#### [Task brief]
Give back all of the data exactly as written.

#### [Collected data entries]

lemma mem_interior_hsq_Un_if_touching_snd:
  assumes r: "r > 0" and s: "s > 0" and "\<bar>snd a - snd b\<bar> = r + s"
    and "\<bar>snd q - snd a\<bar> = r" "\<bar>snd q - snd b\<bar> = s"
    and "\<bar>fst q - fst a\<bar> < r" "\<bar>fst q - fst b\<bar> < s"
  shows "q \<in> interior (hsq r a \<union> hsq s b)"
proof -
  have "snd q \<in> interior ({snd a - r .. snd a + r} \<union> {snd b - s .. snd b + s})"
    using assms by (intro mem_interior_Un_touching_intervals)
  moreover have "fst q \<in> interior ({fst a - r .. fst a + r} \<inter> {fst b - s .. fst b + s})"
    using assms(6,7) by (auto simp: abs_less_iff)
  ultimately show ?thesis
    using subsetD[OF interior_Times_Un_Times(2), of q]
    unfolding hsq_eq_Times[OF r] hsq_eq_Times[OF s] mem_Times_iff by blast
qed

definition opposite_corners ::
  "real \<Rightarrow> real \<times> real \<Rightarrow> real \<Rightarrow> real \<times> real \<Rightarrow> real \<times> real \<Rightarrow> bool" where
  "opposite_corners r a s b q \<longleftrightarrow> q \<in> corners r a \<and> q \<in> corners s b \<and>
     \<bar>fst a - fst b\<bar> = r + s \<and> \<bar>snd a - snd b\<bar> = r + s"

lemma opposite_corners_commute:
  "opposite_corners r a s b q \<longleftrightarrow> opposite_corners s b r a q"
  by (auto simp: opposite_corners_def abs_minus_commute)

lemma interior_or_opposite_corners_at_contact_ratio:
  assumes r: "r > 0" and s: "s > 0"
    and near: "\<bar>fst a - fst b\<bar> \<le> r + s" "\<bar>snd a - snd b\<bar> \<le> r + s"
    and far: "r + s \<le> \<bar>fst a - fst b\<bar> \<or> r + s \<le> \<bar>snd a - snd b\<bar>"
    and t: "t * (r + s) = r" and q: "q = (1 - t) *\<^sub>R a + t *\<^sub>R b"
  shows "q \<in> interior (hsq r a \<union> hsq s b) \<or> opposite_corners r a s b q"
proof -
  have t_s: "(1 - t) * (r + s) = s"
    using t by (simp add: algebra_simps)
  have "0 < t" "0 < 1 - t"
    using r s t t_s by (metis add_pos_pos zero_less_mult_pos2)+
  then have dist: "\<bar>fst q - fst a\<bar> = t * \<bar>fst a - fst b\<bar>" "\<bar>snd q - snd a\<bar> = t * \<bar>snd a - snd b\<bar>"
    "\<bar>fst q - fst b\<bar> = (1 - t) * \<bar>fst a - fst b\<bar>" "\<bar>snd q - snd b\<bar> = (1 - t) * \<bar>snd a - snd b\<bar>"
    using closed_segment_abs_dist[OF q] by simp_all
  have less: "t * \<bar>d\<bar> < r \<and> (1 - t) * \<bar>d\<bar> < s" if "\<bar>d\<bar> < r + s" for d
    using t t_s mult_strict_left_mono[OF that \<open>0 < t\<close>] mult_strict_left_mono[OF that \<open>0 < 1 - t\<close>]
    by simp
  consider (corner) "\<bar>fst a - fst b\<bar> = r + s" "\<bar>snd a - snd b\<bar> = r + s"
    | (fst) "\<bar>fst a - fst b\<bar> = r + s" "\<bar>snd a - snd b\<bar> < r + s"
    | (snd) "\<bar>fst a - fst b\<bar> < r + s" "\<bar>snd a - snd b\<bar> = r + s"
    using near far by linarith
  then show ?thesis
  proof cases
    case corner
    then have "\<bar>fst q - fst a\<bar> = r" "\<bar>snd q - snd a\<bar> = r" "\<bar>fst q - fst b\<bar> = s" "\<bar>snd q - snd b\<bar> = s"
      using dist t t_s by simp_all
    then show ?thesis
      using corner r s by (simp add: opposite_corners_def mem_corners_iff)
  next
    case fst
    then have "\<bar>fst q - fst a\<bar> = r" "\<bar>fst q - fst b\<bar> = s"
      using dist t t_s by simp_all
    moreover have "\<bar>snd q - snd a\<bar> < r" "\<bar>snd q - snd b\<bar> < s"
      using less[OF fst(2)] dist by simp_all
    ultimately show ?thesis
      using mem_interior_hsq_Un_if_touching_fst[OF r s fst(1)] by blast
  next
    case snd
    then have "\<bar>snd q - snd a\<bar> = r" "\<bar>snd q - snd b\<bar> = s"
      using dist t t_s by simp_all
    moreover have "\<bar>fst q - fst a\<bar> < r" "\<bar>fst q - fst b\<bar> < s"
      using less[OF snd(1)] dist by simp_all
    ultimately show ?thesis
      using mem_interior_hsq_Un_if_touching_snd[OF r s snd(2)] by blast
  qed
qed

#### [Exercise answer]
lemma mem_interior_hsq_Un_if_touching_snd:
  assumes r: "r > 0" and s: "s > 0" and "\<bar>snd a - snd b\<bar> = r + s"
    and "\<bar>snd q - snd a\<bar> = r" "\<bar>snd q - snd b\<bar> = s"
    and "\<bar>fst q - fst a\<bar> < r" "\<bar>fst q - fst b\<bar> < s"
  shows "q \<in> interior (hsq r a \<union> hsq s b)"
proof -
  have "snd q \<in> interior ({snd a - r .. snd a + r} \<union> {snd b - s .. snd b + s})"
    using assms by (intro mem_interior_Un_touching_intervals)
  moreover have "fst q \<in> interior ({fst a - r .. fst a + r} \<inter> {fst b - s .. fst b + s})"
    using assms(6,7) by (auto simp: abs_less_iff)
  ultimately show ?thesis
    using subsetD[OF interior_Times_Un_Times(2), of q]
    unfolding hsq_eq_Times[OF r] hsq_eq_Times[OF s] mem_Times_iff by blast
qed

definition opposite_corners ::
  "real \<Rightarrow> real \<times> real \<Rightarrow> real \<Rightarrow> real \<times> real \<Rightarrow> real \<times> real \<Rightarrow> bool" where
  "opposite_corners r a s b q \<longleftrightarrow> q \<in> corners r a \<and> q \<in> corners s b \<and>
     \<bar>fst a - fst b\<bar> = r + s \<and> \<bar>snd a - snd b\<bar> = r + s"

lemma opposite_corners_commute:
  "opposite_corners r a s b q \<longleftrightarrow> opposite_corners s b r a q"
  by (auto simp: opposite_corners_def abs_minus_commute)

lemma interior_or_opposite_corners_at_contact_ratio:
  assumes r: "r > 0" and s: "s > 0"
    and near: "\<bar>fst a - fst b\<bar> \<le> r + s" "\<bar>snd a - snd b\<bar> \<le> r + s"
    and far: "r + s \<le> \<bar>fst a - fst b\<bar> \<or> r + s \<le> \<bar>snd a - snd b\<bar>"
    and t: "t * (r + s) = r" and q: "q = (1 - t) *\<^sub>R a + t *\<^sub>R b"
  shows "q \<in> interior (hsq r a \<union> hsq s b) \<or> opposite_corners r a s b q"
proof -
  have t_s: "(1 - t) * (r + s) = s"
    using t by (simp add: algebra_simps)
  have "0 < t" "0 < 1 - t"
    using r s t t_s by (metis add_pos_pos zero_less_mult_pos2)+
  then have dist: "\<bar>fst q - fst a\<bar> = t * \<bar>fst a - fst b\<bar>" "\<bar>snd q - snd a\<bar> = t * \<bar>snd a - snd b\<bar>"
    "\<bar>fst q - fst b\<bar> = (1 - t) * \<bar>fst a - fst b\<bar>" "\<bar>snd q - snd b\<bar> = (1 - t) * \<bar>snd a - snd b\<bar>"
    using closed_segment_abs_dist[OF q] by simp_all
  have less: "t * \<bar>d\<bar> < r \<and> (1 - t) * \<bar>d\<bar> < s" if "\<bar>d\<bar> < r + s" for d
    using t t_s mult_strict_left_mono[OF that \<open>0 < t\<close>] mult_strict_left_mono[OF that \<open>0 < 1 - t\<close>]
    by simp
  consider (corner) "\<bar>fst a - fst b\<bar> = r + s" "\<bar>snd a - snd b\<bar> = r + s"
    | (fst) "\<bar>fst a - fst b\<bar> = r + s" "\<bar>snd a - snd b\<bar> < r + s"
    | (snd) "\<bar>fst a - fst b\<bar> < r + s" "\<bar>snd a - snd b\<bar> = r + s"
    using near far by linarith
  then show ?thesis
  proof cases
    case corner
    then have "\<bar>fst q - fst a\<bar> = r" "\<bar>snd q - snd a\<bar> = r" "\<bar>fst q - fst b\<bar> = s" "\<bar>snd q - snd b\<bar> = s"
      using dist t t_s by simp_all
    then show ?thesis
      using corner r s by (simp add: opposite_corners_def mem_corners_iff)
  next
    case fst
    then have "\<bar>fst q - fst a\<bar> = r" "\<bar>fst q - fst b\<bar> = s"
      using dist t t_s by simp_all
    moreover have "\<bar>snd q - snd a\<bar> < r" "\<bar>snd q - snd b\<bar> < s"
      using less[OF fst(2)] dist by simp_all
    ultimately show ?thesis
      using mem_interior_hsq_Un_if_touching_fst[OF r s fst(1)] by blast
  next
    case snd
    then have "\<bar>snd q - snd a\<bar> = r" "\<bar>snd q - snd b\<bar> = s"
      using dist t t_s by simp_all
    moreover have "\<bar>fst q - fst a\<bar> < r" "\<bar>fst q - fst b\<bar> < s"
      using less[OF snd(1)] dist by simp_all
    ultimately show ?thesis
      using mem_interior_hsq_Un_if_touching_snd[OF r s snd(2)] by blast
  qed
qed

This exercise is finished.